The terminal is operational after the resources have been granted:

[randria@login02 ~]$ srun --pty -p gpus --ntasks=1 --cpus-per-task=12 --gres=gpu:1 --hint=nomultithread bash
[randria@turing01 ~]$ hostname
turing01
[randria@turing01 ~]$ printenv | grep CUDA
CUDA_VISIBLE_DEVICES=0  <-- GPU 0
[randria@turing01 ~]$ nvidia-smi -L
GPU 0: Tesla V100-SXM2-32GB (UUID: GPU-5a80af23-787c-cbcb-92de-c80574883c5d) <-- allocated
GPU 1: Tesla V100-SXM2-32GB (UUID: GPU-233f07d9-5e4c-9309-bf20-3ae74f0495b4)
GPU 2: Tesla V100-SXM2-32GB (UUID: GPU-a1a1cbc1-8747-d8cd-9028-3e2db40deb04)
GPU 3: Tesla V100-SXM2-32GB (UUID: GPU-8d5f775d-70d9-62b2-b46c-97d30eea732f)
[randria@turing01 ~]$ squeue -j $SLURM_JOB_ID
    JOBID PARTITION         USER ST         TIME NODES  CPUS QOS          PRIORITY NODELIST(REASON)     NAME
  1730514      gpus      randria  R         3:03     1    12 normal         396309 turing01             bash
[randria@turing01 ~]$ scontrol show job $SLURM_JOB_ID
JobId=1730514 JobName=bash
   Priority=396309 Nice=0 Account=ici QOS=normal
   JobState=RUNNING Reason=None Dependency=(null)
   RunTime=00:03:33 TimeLimit=01:00:00 TimeMin=N/A
   Partition=gpus AllocNode:Sid=login02:22331
   NodeList=turing01
   BatchHost=turing01
   NumNodes=1 NumCPUs=12 CPUs/Task=12 ReqB:S:C:T=0:0:*:1
   MinCPUsNode=12 MinMemoryCPU=8G MinTmpDiskNode=0
   Command=bash

Comments - CUDA_VISIBLE_DEVICES=0 means here we have allocated only 1 GPU, the GPU 0 (if we had 2 GPUs requested, it would be 0,1) . You can also use the variable GPU_DEVICE_ORDINAL - the scontrol show job results show JobState=RUNNING means that your session is active and running.

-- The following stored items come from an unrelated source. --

(* Let $G$ be a graph and $v$ a vertex of $G$. Then $v$ is always-activated if and only if $nd(v)=0$, and $v$ is never-activated if and only if $nd(v)=1$.
   Context: For a finite simple graph $G$ with vertex set $\{v_1,\dots,v_n\}$, the closed adjacency matrix $N(G)$ is the $n\times n$ matrix over $\mathbb{Z}_2$ whose $(i,j)$ entry is $1$ iff $i=j$ or $v_i$ is adjacent to $v_j$. The nullity is $\nu(G):=\dim\operatorname{Ker}(N(G))$, with the convention $\nu(K_0)=0$ for the graph with no vertices; elements of the kernel are null patterns. The null difference of $v$ is $nd(v):=\nu(G-v)-\nu(G)$, where $G-v$ is $G$ with $v$ and its incident edges deleted. A vertex $v$ is half-activated if $\boldsymbol{\ell}(v)=1$ for some null pattern $\boldsymbol{\ell}$; otherwise it is always-activated if $\mathbf{p}(v)=1$ for every $\mathbf{p}\in\mathbb{Z}_2^{V(G)}$ with $N(G)\mathbf{p}=\mathbf{1}$ (the all-ones vector), and never-activated if $\mathbf{p}(v)=0$ for every such $\mathbf{p}$. *)

theory Defs
  imports Complex_Main "HOL-Library.Z2" "HOL-Library.Function_Algebras"
begin

definition simple_graph :: "'a set \<Rightarrow> ('a \<Rightarrow> 'a \<Rightarrow> bool) \<Rightarrow> bool" where
  "simple_graph V E \<longleftrightarrow> finite V \<and> (\<forall>x\<in>V. \<forall>y\<in>V. E x y \<longleftrightarrow> E y x) \<and> (\<forall>x\<in>V. \<not> E x x)"

definition closed_adj :: "('a \<Rightarrow> 'a \<Rightarrow> bool) \<Rightarrow> 'a \<Rightarrow> 'a \<Rightarrow> bit" where
  "closed_adj E i j = (if i = j \<or> E i j then 1 else 0)"

(* vectors in Z_2^V, represented as functions vanishing outside V *)
definition vecs :: "'a set \<Rightarrow> ('a \<Rightarrow> bit) set" where
  "vecs V = {p. \<forall>x. x \<notin> V \<longrightarrow> p x = 0}"

definition Nmul :: "'a set \<Rightarrow> ('a \<Rightarrow> 'a \<Rightarrow> bool) \<Rightarrow> ('a \<Rightarrow> bit) \<Rightarrow> 'a \<Rightarrow> bit" where
  "Nmul V E p = (\<lambda>i. if i \<in> V then (\<Sum>j\<in>V. closed_adj E i j * p j) else 0)"

definition ones :: "'a set \<Rightarrow> 'a \<Rightarrow> bit" where
  "ones V = (\<lambda>x. if x \<in> V then 1 else 0)"

definition null_patterns :: "'a set \<Rightarrow> ('a \<Rightarrow> 'a \<Rightarrow> bool) \<Rightarrow> ('a \<Rightarrow> bit) set" where
  "null_patterns V E = {p \<in> vecs V. Nmul V E p = (\<lambda>_. 0)}"

definition nullity :: "'a set \<Rightarrow> ('a \<Rightarrow> 'a \<Rightarrow> bool) \<Rightarrow> nat" where
  "nullity V E = vector_space.dim (\<lambda>(c::bit) (p::'a \<Rightarrow> bit) x. c * p x) (null_patterns V E)"

definition null_diff :: "'a set \<Rightarrow> ('a \<Rightarrow> 'a \<Rightarrow> bool) \<Rightarrow> 'a \<Rightarrow> int" where
  "null_diff V E v = int (nullity (V - {v}) E) - int (nullity V E)"

definition half_activated :: "'a set \<Rightarrow> ('a \<Rightarrow> 'a \<Rightarrow> bool) \<Rightarrow> 'a \<Rightarrow> bool" where
  "half_activated V E v \<longleftrightarrow> (\<exists>l\<in>null_patterns V E. l v = 1)"

definition always_activated :: "'a set \<Rightarrow> ('a \<Rightarrow> 'a \<Rightarrow> bool) \<Rightarrow> 'a \<Rightarrow> bool" where
  "always_activated V E v \<longleftrightarrow> \<not> half_activated V E v \<and>
     (\<forall>p\<in>vecs V. Nmul V E p = ones V \<longrightarrow> p v = 1)"

definition never_activated :: "'a set \<Rightarrow> ('a \<Rightarrow> 'a \<Rightarrow> bool) \<Rightarrow> 'a \<Rightarrow> bool" where
  "never_activated V E v \<longleftrightarrow> \<not> half_activated V E v \<and>
     (\<forall>p\<in>vecs V. Nmul V E p = ones V \<longrightarrow> p v = 0)"

end

theory Submission
  imports Defs
begin

text \<open>Over \<open>\<int>\<^sub>2\<close> the closed adjacency matrix \<open>N\<close> is symmetric with unit diagonal,
  so \<open>x \<bullet> N x = \<Sum>\<^sub>i x\<^sub>i\<close>. Hence every null pattern is orthogonal to the all-ones vector,
  and \<open>N p = 1\<close> is always solvable.
  The null patterns of \<open>G - v\<close> are the \<open>x\<close> with \<open>x\<^sub>v = 0\<close> and \<open>(N x)\<^sub>i = 0\<close> for \<open>i \<noteq> v\<close>.
  Both kernels contain \<open>{x \<in> Ker N. x\<^sub>v = 0}\<close> as a subspace of codimension at most one,
  which gives \<open>nd(v) = [N z = e\<^sub>v for some z with z\<^sub>v = 0] - [v half-activated]\<close>.
  If \<open>v\<close> is half-activated, \<open>e\<^sub>v\<close> is not in the range of \<open>N\<close>. Otherwise \<open>e\<^sub>v = N y\<close>,
  and every solution of \<open>N p = 1\<close> satisfies \<open>p\<^sub>v = y \<bullet> N p = y \<bullet> 1 = y \<bullet> N y = y\<^sub>v\<close>.
  So \<open>y\<^sub>v\<close> decides both the activation of \<open>v\<close> and \<open>nd(v)\<close>.\<close>

declare add_bit_eq_xor [simp del] mult_bit_eq_and [simp del]

lemma bit_add_self [simp]: "(x::bit) + x = 0"
  by (cases x) simp_all

lemma bit_mult_self [simp]: "(x::bit) * x = x"
  by (cases x) simp_all

lemma bit_eq_add_iff: "(x::bit) = y + z \<longleftrightarrow> x + y = z"
  by (cases y) auto

lemma vector_space_pointwise: "vector_space (\<lambda>(c::'b::field) (p::'a \<Rightarrow> 'b) x. c * p x)"
  by unfold_locales (auto simp: fun_eq_iff algebra_simps)

lemma vector_space_field_self: "vector_space ((*) :: 'b::field \<Rightarrow> 'b \<Rightarrow> 'b)"
  by unfold_locales (simp_all add: algebra_simps)

interpretation pointwise: vector_space "\<lambda>(c::'b::field) (p::'a \<Rightarrow> 'b) x. c * p x"
  by (rule vector_space_pointwise)

context vector_space
begin

lemma dim_insert_not_in_span:
  assumes "finite S" "x \<notin> span S"
  shows "dim (insert x S) = Suc (dim S)"
proof -
  obtain B where B: "B \<subseteq> span S" "independent B" "span S \<subseteq> span B" "card B = dim S"
    using basis_exists [of "span S"] by (metis dim_span)
  have "finite B"
    using independent_span_bound[OF assms(1) B(2)] B(1) by simp
  have "x \<notin> B"
    using B(1) assms(2) by blast
  have "dim (span (insert x S)) = Suc (dim S)"
  proof (rule dim_unique)
    show "insert x B \<subseteq> span (insert x S)"
      using B(1) span_mono[of S "insert x S"] span_base[of x "insert x S"] by blast
    have "insert x S \<subseteq> span (insert x B)"
      using B(3) span_superset[of S] span_mono[of B "insert x B"] span_base[of x "insert x B"]
      by blast
    then show "span (insert x S) \<subseteq> span (insert x B)"
      by (rule span_minimal[OF _ subspace_span])
    have "x \<notin> span B"
      using span_minimal[OF B(1) subspace_span] assms(2) by blast
    then show "independent (insert x B)"
      using B(2) by (rule independent_insertI)
    show "card (insert x B) = Suc (dim S)"
      using B(4) \<open>finite B\<close> \<open>x \<notin> B\<close> by simp
  qed
  then show ?thesis by simp
qed

lemma dim_eq_dim_kernel_functional:
  assumes W: "subspace W" "finite W" and f: "Vector_Spaces.linear scale (*) f"
  shows "dim W = dim {x\<in>W. f x = 0} + of_bool (\<exists>w\<in>W. f w \<noteq> 0)"
proof (cases "\<exists>w\<in>W. f w \<noteq> 0")
  case True
  then obtain w where w: "w \<in> W" "f w \<noteq> 0" by blast
  define H where "H = {x\<in>W. f x = 0}"
  have hom: "module_hom scale (*) f"
    using f by (simp add: module_hom_iff_linear)
  have "subspace H"
    unfolding H_def subspace_def
    using W(1) module_hom.add[OF hom] module_hom.scale[OF hom] module_hom.zero[OF hom]
    by (simp add: subspace_0 subspace_add subspace_scale)
  have "W \<subseteq> span (insert w H)"
  proof
    fix x assume "x \<in> W"
    define c where "c = f x / f w"
    have "f (x - c *s w) = 0"
      using w(2) by (simp add: module_hom.diff[OF hom] module_hom.scale[OF hom] c_def)
    then have "x - c *s w \<in> H"
      using \<open>x \<in> W\<close> w(1) W(1) by (simp add: H_def subspace_diff subspace_scale)
    then have "(x - c *s w) + c *s w \<in> span (insert w H)"
      by (intro span_add span_scale) (auto intro: span_base)
    then show "x \<in> span (insert w H)" by simp
  qed
  moreover have "span (insert w H) \<subseteq> W"
    using w(1) W(1) by (intro span_minimal) (auto simp: H_def)
  ultimately have "dim W = dim (insert w H)"
    by (metis dim_span subset_antisym)
  moreover have "w \<notin> span H"
    using w(2) \<open>subspace H\<close> by (simp add: span_eq_iff[of H, THEN iffD2]) (simp add: H_def)
  moreover have "finite H"
    using W(2) by (simp add: H_def)
  ultimately show ?thesis
    using True by (simp add: dim_insert_not_in_span H_def)
next
  case False
  then have "{x\<in>W. f x = 0} = W" by auto
  with False show ?thesis by simp
qed

end

lemma linear_pointwise_eval:
  "Vector_Spaces.linear (\<lambda>(c::'b::field) (p::'a \<Rightarrow> 'b) x. c * p x) (*) (\<lambda>p. p v)"
  by (simp add: Vector_Spaces.linear_iff vector_space_pointwise vector_space_field_self)

definition dotp :: "'a set \<Rightarrow> ('a \<Rightarrow> bit) \<Rightarrow> ('a \<Rightarrow> bit) \<Rightarrow> bit" where
  "dotp T x y = (\<Sum>i\<in>T. x i * y i)"

lemma dotp_commute: "dotp T x y = dotp T y x"
  by (simp add: dotp_def mult.commute)

lemma dotp_add_left: "dotp T (x + y) z = dotp T x z + dotp T y z"
  by (simp add: dotp_def distrib_right sum.distrib)

lemma dotp_add_right: "dotp T x (y + z) = dotp T x y + dotp T x z"
  by (simp add: dotp_def distrib_left sum.distrib)

lemma dotp_ones_right: "dotp T x (ones T) = (\<Sum>i\<in>T. x i)"
  by (simp add: dotp_def ones_def)

definition unit_vec :: "'a \<Rightarrow> 'a \<Rightarrow> bit" where
  "unit_vec v = (\<lambda>i. if i = v then 1 else 0)"

lemma dotp_unit_vec_right: "finite T \<Longrightarrow> v \<in> T \<Longrightarrow> dotp T x (unit_vec v) = x v"
  by (simp add: dotp_def unit_vec_def if_distrib cong: if_cong)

To leave the interactive mode, use exit command :

[randria@turing01 ~]$ exit

Caution: If you do not yourself leave the interactive mode, the maximum allocation duration (by default or specified with the --time option) is applied and this amount of hours is then counted for the project you have specified.

Interactive execution on the GPU partition#

If you don't need to open a terminal on a compute node, it is also possible to start the interactive execution of a code on the compute nodes directly from the front end by using the following command (here, with 2 GPU on the default gpu partition) :

$ srun -p gpus --ntasks=2 --cpus-per-task=12 --gres=gpu:2 --hint=nomultithread [--other-options] ./my_executable_file

Reserving reusable resources for more than one interactive execution#

Each interactive execution started as described in the preceding section is equivalent to a different job. As with all the jobs, they are susceptible to being placed in a wait queue for a certain length of time if the computing resources are not available.

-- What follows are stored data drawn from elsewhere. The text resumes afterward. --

text \<open>
  Put \<open>t = x + N + 1/2\<close> and \<open>m = 2N + 1\<close>, and let \<open>L\<close> be the linear functional on
  polynomials sending \<open>y\<^sup>j\<close> to \<open>(-t)\<^sub>j / (-m)\<^sub>j\<close>. The left-hand side is \<open>L\<close> applied to the
  polynomial \<open>\<^sub>2F\<^sub>1(-2n, 2n+2\<alpha>+1; \<alpha>+1; y)\<close>. By the quadratic transformation this polynomial
  equals \<open>\<^sub>2F\<^sub>1(-n, n+\<alpha>+1/2; \<alpha>+1; 4y(1-y))\<close>: both sides are killed by the hypergeometric
  operator with parameters \<open>(-2n, 2n+2\<alpha>+1, \<alpha>+1)\<close> and have constant term 1, and since \<open>\<alpha>+1\<close> is
  not a nonpositive integer this determines a polynomial. Finally, expanding \<open>(4y(1-y))\<^sup>k\<close> and
  summing with Chu--Vandermonde gives \<open>L((4y(1-y))\<^sup>k) = 4\<^sup>k (-t)\<^sub>k (t-m)\<^sub>k / (-m)\<^sub>2\<^sub>k\<close>, and the
  duplication formula \<open>(-m)\<^sub>2\<^sub>k = 4\<^sup>k (-N-1/2)\<^sub>k (-N)\<^sub>k\<close> turns the result into the \<open>\<^sub>4F\<^sub>3\<close>.
\<close>

lemma hyp_term_append:
  "hyp_term (as @ cs) (bs @ ds) z k =
     hyp_term as bs z k * ((\<Prod>c\<leftarrow>cs. pochhammer c k) / (\<Prod>d\<leftarrow>ds. pochhammer d k))"
  by (simp add: hyp_term_def divide_inverse mult_ac)

lemma hypergeom_terminating:
  assumes "- of_nat K \<in> set as"
  shows "hypergeom as bs z = (\<Sum>k\<le>K. hyp_term as bs z k)"
proof -
  have "hyp_term as bs z k = 0" if "k > K" for k
  proof -
    have "pochhammer (- of_nat K) k = (0::complex)"
      using that by (simp add: pochhammer_of_nat_eq_0_iff)
    then have "(\<Prod>a\<leftarrow>as. pochhammer a k) = 0"
      using assms by (auto simp: prod_list_zero_iff)
    then show ?thesis by (simp add: hyp_term_def)
  qed
  then show ?thesis
    unfolding hypergeom_def by (subst suminf_finite[of "{..K}"]) auto
qed

lemma hyp_term_2F1_Suc:
  assumes "\<forall>j::nat. c \<noteq> - of_nat j"
  shows "of_nat (Suc k) * (of_nat k + c) * hyp_term [a, b] [c] 1 (Suc k)
       = (of_nat k + a) * (of_nat k + b) * hyp_term [a, b] [c] 1 k"
proof -
  have "pochhammer c k \<noteq> 0" "c + of_nat k \<noteq> 0"
    using assms by (auto simp: pochhammer_eq_0_iff eq_neg_iff_add_eq_0)
  then show ?thesis
    unfolding hyp_term_def pochhammer_Suc fact_Suc
    by (simp add: divide_simps del: of_nat_Suc) (simp add: algebra_simps)
qed

definition hypergeometric_operator :: "'a \<Rightarrow> 'a \<Rightarrow> 'a \<Rightarrow> 'a::idom poly \<Rightarrow> 'a poly" where
  "hypergeometric_operator a b c p =
     [:0, 1, -1:] * pderiv (pderiv p) + [:c, -(a + b + 1):] * pderiv p - smult (a * b) p"

lemma coeff_hypergeometric_operator:
  "coeff (hypergeometric_operator a b c p) j =
     of_nat (Suc j) * (of_nat j + c) * coeff p (Suc j) - (of_nat j + a) * (of_nat j + b) * coeff p j"
  by (cases j)
    (simp_all add: hypergeometric_operator_def coeff_pderiv coeff_pCons
      algebra_simps split: nat.splits)

lemma hypergeometric_operator_pcompose_quadratic:
  fixes a b c :: "'a::field_char_0"
  assumes "2*a + 2*b + 1 = 2*c"
  shows "hypergeometric_operator (2*a) (2*b) c (p \<circ>\<^sub>p [:0, 4, -4:])
       = smult 4 (hypergeometric_operator a b c p \<circ>\<^sub>p [:0, 4, -4:])"
proof -
  let ?q = "[:0, 4, -4:] :: 'a poly"
  have dq: "pderiv ?q = [:4, -8:]" by (simp add: pderiv_pCons)
  have d1: "pderiv (p \<circ>\<^sub>p ?q) = (pderiv p \<circ>\<^sub>p ?q) * [:4, -8:]"
    by (simp only: pderiv_pcompose dq)
  have d2: "pderiv (pderiv (p \<circ>\<^sub>p ?q)) =
      (pderiv (pderiv p) \<circ>\<^sub>p ?q) * [:4, -8:] * [:4, -8:] + (pderiv p \<circ>\<^sub>p ?q) * [:-8:]"
    unfolding d1 pderiv_mult pderiv_pcompose dq by (simp add: pderiv_pCons algebra_simps)
  have c: "c = a + b + 1/2" using assms by (simp add: field_simps)
  have "poly (hypergeometric_operator (2*a) (2*b) c (p \<circ>\<^sub>p ?q)) y
      = poly (smult 4 (hypergeometric_operator a b c p \<circ>\<^sub>p ?q)) y" for y
    unfolding hypergeometric_operator_def d2 unfolding d1
    by (simp add: pcompose_mult poly_pcompose c algebra_simps)
  then show ?thesis using poly_eq_poly_eq_iff by blast
qed

lemma hypergeometric_operator_kernel_unique:
  fixes a b c :: "'a::{idom, ring_char_0}"
  assumes "hypergeometric_operator a b c p = 0" "hypergeometric_operator a b c q = 0"
    and "coeff p 0 = coeff q 0" and "\<forall>j::nat. c \<noteq> - of_nat j"
  shows "p = q"
proof -
  have "coeff p j = coeff q j" for j
  proof (induction j)
    case (Suc j)
    have "of_nat (Suc j) * (of_nat j + c) \<noteq> 0"
      using assms(4) by (simp add: eq_neg_iff_add_eq_0 add.commute del: of_nat_Suc)
    moreover have "of_nat (Suc j) * (of_nat j + c) * coeff p (Suc j)
                 = of_nat (Suc j) * (of_nat j + c) * coeff q (Suc j)"
      using arg_cong[OF assms(1), of "\<lambda>r. coeff r j"] arg_cong[OF assms(2), of "\<lambda>r. coeff r j"]
        Suc
      by (simp add: coeff_hypergeometric_operator del: of_nat_Suc)
    ultimately show ?case by simp
  qed (use assms in simp)
  then show ?thesis by (simp add: poly_eq_iff)
qed

definition hyp2f1_poly :: "nat \<Rightarrow> complex \<Rightarrow> complex \<Rightarrow> complex poly" where
  "hyp2f1_poly K b c = (\<Sum>k\<le>K. monom (hyp_term [- of_nat K, b] [c] 1 k) k)"

lemma coeff_hyp2f1_poly: "coeff (hyp2f1_poly K b c) k = hyp_term [- of_nat K, b] [c] 1 k"
  by (cases "k \<le> K") (auto simp: hyp2f1_poly_def coeff_sum hyp_term_def pochhammer_of_nat_eq_0_iff)

lemma hypergeometric_operator_hyp2f1_poly:
  assumes "\<forall>j::nat. c \<noteq> - of_nat j"
  shows "hypergeometric_operator (- of_nat K) b c (hyp2f1_poly K b c) = 0"
  by (rule poly_eqI)
    (simp add: coeff_hypergeometric_operator coeff_hyp2f1_poly hyp_term_2F1_Suc[OF assms]
      del: of_nat_Suc)

lemma hyp2f1_poly_quadratic_transformation:
  assumes "\<forall>j::nat. c \<noteq> - of_nat j" and "2*b + 1 = 2*c + 2*of_nat K"
  shows "hyp2f1_poly (2*K) (2*b) c = hyp2f1_poly K b c \<circ>\<^sub>p [:0, 4, -4:]"
proof (rule hypergeometric_operator_kernel_unique[OF _ _ _ assms(1)])
  show "hypergeometric_operator (- of_nat (2*K)) (2*b) c (hyp2f1_poly (2*K) (2*b) c) = 0"
    by (rule hypergeometric_operator_hyp2f1_poly[OF assms(1)])
  have "2 * (- of_nat K) + 2*b + 1 = 2*c" using assms(2) by (simp add: algebra_simps)
  from hypergeometric_operator_pcompose_quadratic[OF this, of "hyp2f1_poly K b c"]
  show "hypergeometric_operator (- of_nat (2*K)) (2*b) c (hyp2f1_poly K b c \<circ>\<^sub>p [:0, 4, -4:]) = 0"
    by (simp add: hypergeometric_operator_hyp2f1_poly[OF assms(1)])
  have "coeff (p \<circ>\<^sub>p [:0, 4, -4:]) 0 = coeff p 0" for p :: "complex poly"
    by (simp add: poly_0_coeff_0[symmetric] poly_pcompose)
  then show "coeff (hyp2f1_poly (2*K) (2*b) c) 0 = coeff (hyp2f1_poly K b c \<circ>\<^sub>p [:0, 4, -4:]) 0"
    by (simp add: coeff_hyp2f1_poly hyp_term_def)
qed

definition coeff_functional :: "(nat \<Rightarrow> 'a::comm_semiring_0) \<Rightarrow> nat \<Rightarrow> 'a poly \<Rightarrow> 'a" where
  "coeff_functional w K p = (\<Sum>j\<le>K. coeff p j * w j)"

lemma coeff_functional_sum:
  "coeff_functional w K (\<Sum>i\<in>A. p i) = (\<Sum>i\<in>A. coeff_functional w K (p i))"
  unfolding coeff_functional_def coeff_sum sum_distrib_right by (rule sum.swap)

lemma coeff_functional_smult: "coeff_functional w K (smult a p) = a * coeff_functional w K p"
  by (simp add: coeff_functional_def sum_distrib_left mult.assoc)

lemma coeff_functional_monom: "j \<le> K \<Longrightarrow> coeff_functional w K (monom a j) = a * w j"
proof -
  assume "j \<le> K"
  have "coeff_functional w K (monom a j) = (\<Sum>i\<le>K. if i = j then a * w i else 0)"
    unfolding coeff_functional_def by (rule sum.cong) auto
  with \<open>j \<le> K\<close> show ?thesis by simp
qed

lemma pcompose_monom: "monom a k \<circ>\<^sub>p q = smult a (q ^ k)"
  by (induction k) (simp_all add: monom_0 monom_Suc pcompose_pCons)

lemma quadratic_power_as_sum_of_monoms:
  "([:0, 4, -4:] :: 'a::{comm_ring_1, ring_no_zero_divisors, ring_char_0} poly) ^ k
     = (\<Sum>l\<le>k. monom (4^k * (-1)^l * of_nat (k choose l)) (k + l))"
proof -
  have "poly ([:0, 4, -4:] ^ k) y = poly (\<Sum>l\<le>k. monom (4^k * (-1)^l * of_nat (k choose l)) (k + l)) y"
    for y :: 'a
  proof -
    have "poly [:0, 4, -4:] y = 4 * y * (-y + 1)" by (simp add: algebra_simps)
    then have "poly ([:0, 4, -4:] ^ k) y = 4^k * y^k * (-y + 1)^k"
      by (simp only: poly_power power_mult_distrib)
    also have "(-y + 1)^k = (\<Sum>l\<le>k. of_nat (k choose l) * (-y)^l * 1^(k - l))"
      by (rule binomial_ring)
    also have "4^k * y^k * \<dots> = (\<Sum>l\<le>k. 4^k * (-1)^l * of_nat (k choose l) * y^(k + l))"
      unfolding sum_distrib_left
      by (intro sum.cong refl) (simp add: power_minus[of y] power_add mult_ac)
    finally show ?thesis by (simp add: poly_sum poly_monom)
  qed
  then show ?thesis using poly_eq_poly_eq_iff by blast
qed

lemma pochhammer_binomial_sum_alternating:
  fixes t m :: "'a::comm_ring_1"
  shows "(\<Sum>l\<le>k. of_nat (k choose l) * (-1)^l * pochhammer (of_nat k - t) l
            * pochhammer (of_nat (k + l) - m) (k - l)) = pochhammer (t - m) k"
proof -
  have "pochhammer (t - m) k = (-1)^k * pochhammer ((of_nat k - t) + (m - 2 * of_nat k + 1)) k"
    using pochhammer_minus[of "m - t" k] by (simp add: algebra_simps)
  also have "\<dots> = (\<Sum>l\<le>k. (-1)^k * (of_nat (k choose l) * pochhammer (of_nat k - t) l
                      * pochhammer (m - 2 * of_nat k + 1) (k - l)))"
    by (subst pochhammer_binomial_sum) (simp add: sum_distrib_left)
  also have "\<dots> = (\<Sum>l\<le>k. of_nat (k choose l) * (-1)^l * pochhammer (of_nat k - t) l
                      * pochhammer (of_nat (k + l) - m) (k - l))"
  proof (rule sum.cong[OF refl])
    fix l assume "l \<in> {..k}"
    then have "l \<le> k" by simp
    have "pochhammer (of_nat (k + l) - m) (k - l)
        = (-1)^(k - l) * pochhammer (m - 2 * of_nat k + 1) (k - l)"
      using pochhammer_minus[of "m - of_nat (k + l)" "k - l"] \<open>l \<le> k\<close>
      by (simp add: of_nat_diff algebra_simps)
    moreover have "(-1::'a)^k = (-1)^l * (-1)^(k - l)"
      using \<open>l \<le> k\<close> by (simp flip: power_add)
    ultimately show "(-1)^k * (of_nat (k choose l) * pochhammer (of_nat k - t) l
          * pochhammer (m - 2 * of_nat k + 1) (k - l))
        = of_nat (k choose l) * (-1)^l * pochhammer (of_nat k - t) l
          * pochhammer (of_nat (k + l) - m) (k - l)"
      by (simp add: algebra_simps)
  qed
  finally show ?thesis ..
qed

If you wish to do more than one interactive execution in a row, it may be pertinent to reserve all the resources in advance so that they can be reused for the consecutive executions. You should wait until all the resources are available at one time at the moment of the reservation and not reserve for each execution separately.

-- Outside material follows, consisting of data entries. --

(* Assume that for some $\gamma>0$ the sequence $\left(j\lambda_j\log^{1+\gamma}(j\vee2)\right)_{j\ge1}$ is decreasing. Then there exists a constant $C(\gamma)$ depending only on $\gamma$ such that for every integer $k\ge1$, $$\sum_{j\ge1,\,j\ne k}\frac{\lambda_j}{|\lambda_k-\lambda_j|}\le C(\gamma)\,k\left[\log k\vee1\right].$$
   Context: $(\lambda_j)_{j\ge1}$ is the non-increasing sequence of (nonnegative) eigenvalues of the covariance operator $\Gamma h=\mathbb E[\langle h,X\rangle X]$ of a centered square-integrable random element $X$ of a separable Hilbert space. *)

theory Defs
  imports Complex_Main
begin

end

theory Submission
  imports Defs "HOL-Analysis.Harmonic_Numbers"
begin

text \<open>
  Write w(j) = j lam(j) L(j) with L(j) = ln(max j 2) powr (1 + gamma). As w is nonincreasing
  and L nondecreasing, j lam(j) is nonincreasing too; this alone gives
  lam(j) / |lam(k) - lam(j)| <= k / |j - k|, and the terms with j <= 2k sum to at most
  2 k H(k) = O(k log k). For j > 2k it also gives lam(j) <= lam(k) / 2, so the term is at most
  2 lam(j) / lam(k) <= 2 k L(k) / (j L(j)). By the mean value theorem gamma / (j L(j)) is at most
  the decrement of ln powr (-gamma) on [j - 1, j], so the tail telescopes to
  2 k L(k) ln(2k) powr (-gamma) / gamma <= 2 k ln(max k 2) / gamma.
\<close>

lemma gap_ratio_le_of_scaled_le:
  fixes a b x y :: real
  assumes "0 < x" "x < y" "0 \<le> b" "y * b \<le> x * a"
  shows "b / \<bar>a - b\<bar> \<le> x / (y - x)" and "a / \<bar>a - b\<bar> \<le> y / (y - x)"
proof -
  have "x * b \<le> y * b" using assms by (intro mult_right_mono) auto
  then have "b \<le> a" using assms by (smt (verit) mult_le_cancel_left_pos)
  consider "a = b" | "b < a" using \<open>b \<le> a\<close> by linarith
  then have "b / \<bar>a - b\<bar> \<le> x / (y - x) \<and> a / \<bar>a - b\<bar> \<le> y / (y - x)"
  proof cases
    case 1
    then show ?thesis using assms by simp
  next
    case 2
    then show ?thesis using assms by (simp add: field_simps)
  qed
  then show "b / \<bar>a - b\<bar> \<le> x / (y - x)" and "a / \<bar>a - b\<bar> \<le> y / (y - x)" by auto
qed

Reserving resources (here, for 2 GPU on the default gpu partition) is done via the following command:

The reservation becomes usable after the resources have been granted:

$ salloc -p gpus --ntasks=2 --cpus-per-task=12 --gres=gpu:2 --hint=nomultithread [--other-options]
salloc: Granted job allocation 1730516

You can verify that your reservation is active by using the squeue command. Complete information about the status of the job can be obtained by using the scontrol show job <job identifier> command.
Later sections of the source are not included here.